Looking at the big picture, air taxis do really seem like the final missing link in the infrastructure that elites dream of as they determine how they want to fly in the future, and leave the rest of us behind. For them, the pandemic was a turning point. More than 70 percent of the world’s private jet market is in the U.S. Demand soared as airline bookings, especially in first and business class, tanked. That switch continues at warp speed: Netjets, the world’s largest marketer of seats on private jets, is waitlisting new customers. They just ponied up $1.2 billion for 100 new jets. (Eventually, eVTOLS could meet some of that demand for shorter trips between cities.)
The dream doesn’t end there. Corporate titans have a new trophy in mind: supersonic travel at 1,300 mph, at 50,000 feet high. As I reported in June, Boom Supersonic, a Denver-based start-up, is planning a supersonic jet capable of flying from Los Angeles to Sydney in eight hours and 30 minutes instead of 14 hours and 30 minutes at subsonic speeds.
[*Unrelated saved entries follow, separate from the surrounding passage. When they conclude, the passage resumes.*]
(* Let $M$ be an arbitrarily divisible monoid, let $N$ be a finite monoid, and let $\varphi \colon M \to N$ be a monoid morphism. Then the image $\varphi(M)$ is an idempotent monoid, i.e. $\varphi(m)^2 = \varphi(m)$ for every $m \in M$.
   Context: A monoid $M$ is called arbitrarily divisible if for every $m \in M$ and every positive integer $k$ there exists $m_k \in M$ with $(m_k)^k = m$. A monoid morphism $\varphi\colon M\to N$ satisfies $\varphi(1_M)=1_N$ and $\varphi(m_1m_2)=\varphi(m_1)\varphi(m_2)$. A monoid is idempotent if every element $e$ satisfies $e^2=e$. *)

theory Defs
  imports "HOL-Algebra.Group"
begin

definition arbitrarily_divisible :: "('a, 'b) monoid_scheme \<Rightarrow> bool" where
  "arbitrarily_divisible M \<longleftrightarrow>
     (\<forall>m \<in> carrier M. \<forall>k::nat. k > 0 \<longrightarrow> (\<exists>mk \<in> carrier M. mk [^]\<^bsub>M\<^esub> k = m))"

definition monoid_morphism ::
  "('a, 'b) monoid_scheme \<Rightarrow> ('c, 'd) monoid_scheme \<Rightarrow> ('a \<Rightarrow> 'c) \<Rightarrow> bool" where
  "monoid_morphism M N \<phi> \<longleftrightarrow>
     (\<forall>m \<in> carrier M. \<phi> m \<in> carrier N) \<and>
     \<phi> \<one>\<^bsub>M\<^esub> = \<one>\<^bsub>N\<^esub> \<and>
     (\<forall>m1 \<in> carrier M. \<forall>m2 \<in> carrier M. \<phi> (m1 \<otimes>\<^bsub>M\<^esub> m2) = \<phi> m1 \<otimes>\<^bsub>N\<^esub> \<phi> m2)"

end

theory Submission
  imports Defs
begin

text \<open>In a monoid with n elements the powers of any x become periodic from an exponent
  i \<le> n on, with a period p \<le> n. Since both i \<le> n! and p dvd n!, the power x [^] n! lies in
  the periodic part and doubling its exponent adds a multiple of the period, so it is idempotent.
  For the theorem, write m = y [^] n! using divisibility in M; then \<phi> m = \<phi> y [^] n!.\<close>

lemma (in monoid) nat_pow_repeats_within_card:
  assumes fin: "finite (carrier G)" and x: "x \<in> carrier G"
  shows "\<exists>i p. 0 < p \<and> i \<le> card (carrier G) \<and> p \<le> card (carrier G) \<and> x [^] i = x [^] (i + p)"
proof -
  let ?n = "card (carrier G)"
  have "(\<lambda>k. x [^] k) ` {0..?n} \<subseteq> carrier G" using x by auto
  then have "card ((\<lambda>k. x [^] k) ` {0..?n}) \<le> ?n" using fin card_mono by blast
  then have "\<not> inj_on (\<lambda>k. x [^] k) {0..?n}" by (intro pigeonhole) simp
  then obtain a b where ab: "a \<le> ?n" "b \<le> ?n" "a < b" "x [^] a = x [^] b"
    unfolding inj_on_def by (metis atLeastAtMost_iff linorder_neqE_nat)
  then show ?thesis by (intro exI[of _ a] exI[of _ "b - a"]) auto
qed

lemma (in monoid) nat_pow_periodic:
  fixes i p j t :: nat
  assumes x: "x \<in> carrier G" and period: "x [^] i = x [^] (i + p)" and "i \<le> j"
  shows "x [^] (j + t * p) = x [^] j"
proof -
  obtain c where j: "j = i + c" using \<open>i \<le> j\<close> le_Suc_ex by blast
  show ?thesis
  proof (induction t)
    case 0
    show ?case by simp
  next
    case (Suc t)
    have "x [^] (j + Suc t * p) = x [^] (i + p) \<otimes> x [^] (c + t * p)"
      using x by (simp add: j nat_pow_mult algebra_simps)
    also have "\<dots> = x [^] i \<otimes> x [^] (c + t * p)" using period by simp
    also have "\<dots> = x [^] (j + t * p)" using x by (simp add: j nat_pow_mult algebra_simps)
    finally show ?case using Suc by simp
  qed
qed

lemma (in monoid) nat_pow_fact_card_idem:
  assumes fin: "finite (carrier G)" and x: "x \<in> carrier G"
  defines "f \<equiv> fact (card (carrier G)) :: nat"
  shows "x [^] f \<otimes> x [^] f = x [^] f"
proof -
  obtain i p where ip: "0 < p" "i \<le> card (carrier G)" "p \<le> card (carrier G)"
    and period: "x [^] i = x [^] (i + p)"
    using nat_pow_repeats_within_card[OF fin x] by blast
  have "p dvd f" using ip by (simp add: f_def dvd_fact)
  then obtain t where t: "f = t * p" by (metis dvd_def mult.commute)
  have "i \<le> f" using ip(2) fact_ge_self[of "card (carrier G)"] by (simp add: f_def)
  have "x [^] f \<otimes> x [^] f = x [^] (f + t * p)" using x by (simp add: nat_pow_mult flip: t)
  also have "\<dots> = x [^] f" using nat_pow_periodic[OF x period \<open>i \<le> f\<close>] .
  finally show ?thesis .
qed

lemma monoid_morphism_nat_pow:
  assumes "monoid M" "monoid N" "monoid_morphism M N \<phi>" "x \<in> carrier M"
  shows "\<phi> (x [^]\<^bsub>M\<^esub> (k::nat)) = \<phi> x [^]\<^bsub>N\<^esub> k"
proof (induction k)
  case 0
  show ?case using assms by (simp add: monoid_morphism_def)
next
  case (Suc k)
  have "\<phi> (x [^]\<^bsub>M\<^esub> Suc k) = \<phi> (x [^]\<^bsub>M\<^esub> k) \<otimes>\<^bsub>N\<^esub> \<phi> x"
    using assms monoid.nat_pow_closed[OF assms(1)] by (simp add: monoid_morphism_def)
  then show ?case using Suc by simp
qed

theorem proposition2:
  fixes M :: "('a, 'b) monoid_scheme" and N :: "('c, 'd) monoid_scheme" and \<phi> :: "'a \<Rightarrow> 'c"
  assumes "monoid M" and "arbitrarily_divisible M"
    and "monoid N" and "finite (carrier N)"
    and "monoid_morphism M N \<phi>"
  shows "\<forall>m \<in> carrier M. \<phi> m \<otimes>\<^bsub>N\<^esub> \<phi> m = \<phi> m"
proof
  fix m assume m: "m \<in> carrier M"
  let ?f = "fact (card (carrier N)) :: nat"
  have "?f > 0" by simp
  then obtain y where y: "y \<in> carrier M" "y [^]\<^bsub>M\<^esub> ?f = m"
    using assms(2) m unfolding arbitrarily_divisible_def by blast
  have "\<phi> y \<in> carrier N" using assms(5) y(1) by (simp add: monoid_morphism_def)
  then have idem: "\<phi> y [^]\<^bsub>N\<^esub> ?f \<otimes>\<^bsub>N\<^esub> \<phi> y [^]\<^bsub>N\<^esub> ?f = \<phi> y [^]\<^bsub>N\<^esub> ?f"
    by (rule monoid.nat_pow_fact_card_idem[OF assms(3,4)])
  have "\<phi> m = \<phi> y [^]\<^bsub>N\<^esub> ?f"
    using monoid_morphism_nat_pow[OF assms(1,3,5) y(1), of ?f] y(2) by simp
  with idem show "\<phi> m \<otimes>\<^bsub>N\<^esub> \<phi> m = \<phi> m" by simp
qed

end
United Airlines have ordered 15 of them, and United’s CEO, Scott Kirby, promised that the jets will be net-zero carbon from Day One, optimized to run on 100 percent sustainable aviation fuel. (Today’s private jets generate 20 percent more carbon dioxide per passenger mile than commercial jets. According to a new study by European environmental researchers, the richest 1 percent will be responsible for 16 percent of total emissions by 2030.) Supersonic jets would not require a new air traffic control infrastructure from the FAA, as eVTOL does.
This raises a serious question about social priorities. Why should public funds be used, through the FAA, to lift elites above the decay of a ground infrastructure that millions of Americans have to endure every day? Surely, that money would be better spent on fixing the many inadequacies of mass transit.
According to a new joint report by the Institute for Policy Studies and Americans for Tax Fairness the one percenters have seen their wealth soar during the pandemic—America’s billionaires are, alone, worth $5 trillion, a jump of 70 percent. Given an opening, plutocrats will always arrange the world to their own convenience. Minimum-friction mobility is a priority for them. And the longer it takes to fix the decrepitude of American infrastructure, the faster privileged alternatives to regular transportation will be adopted. As Irving’s First Law of Aerodynamics puts it, those with money will always fly over those who don’t have much money.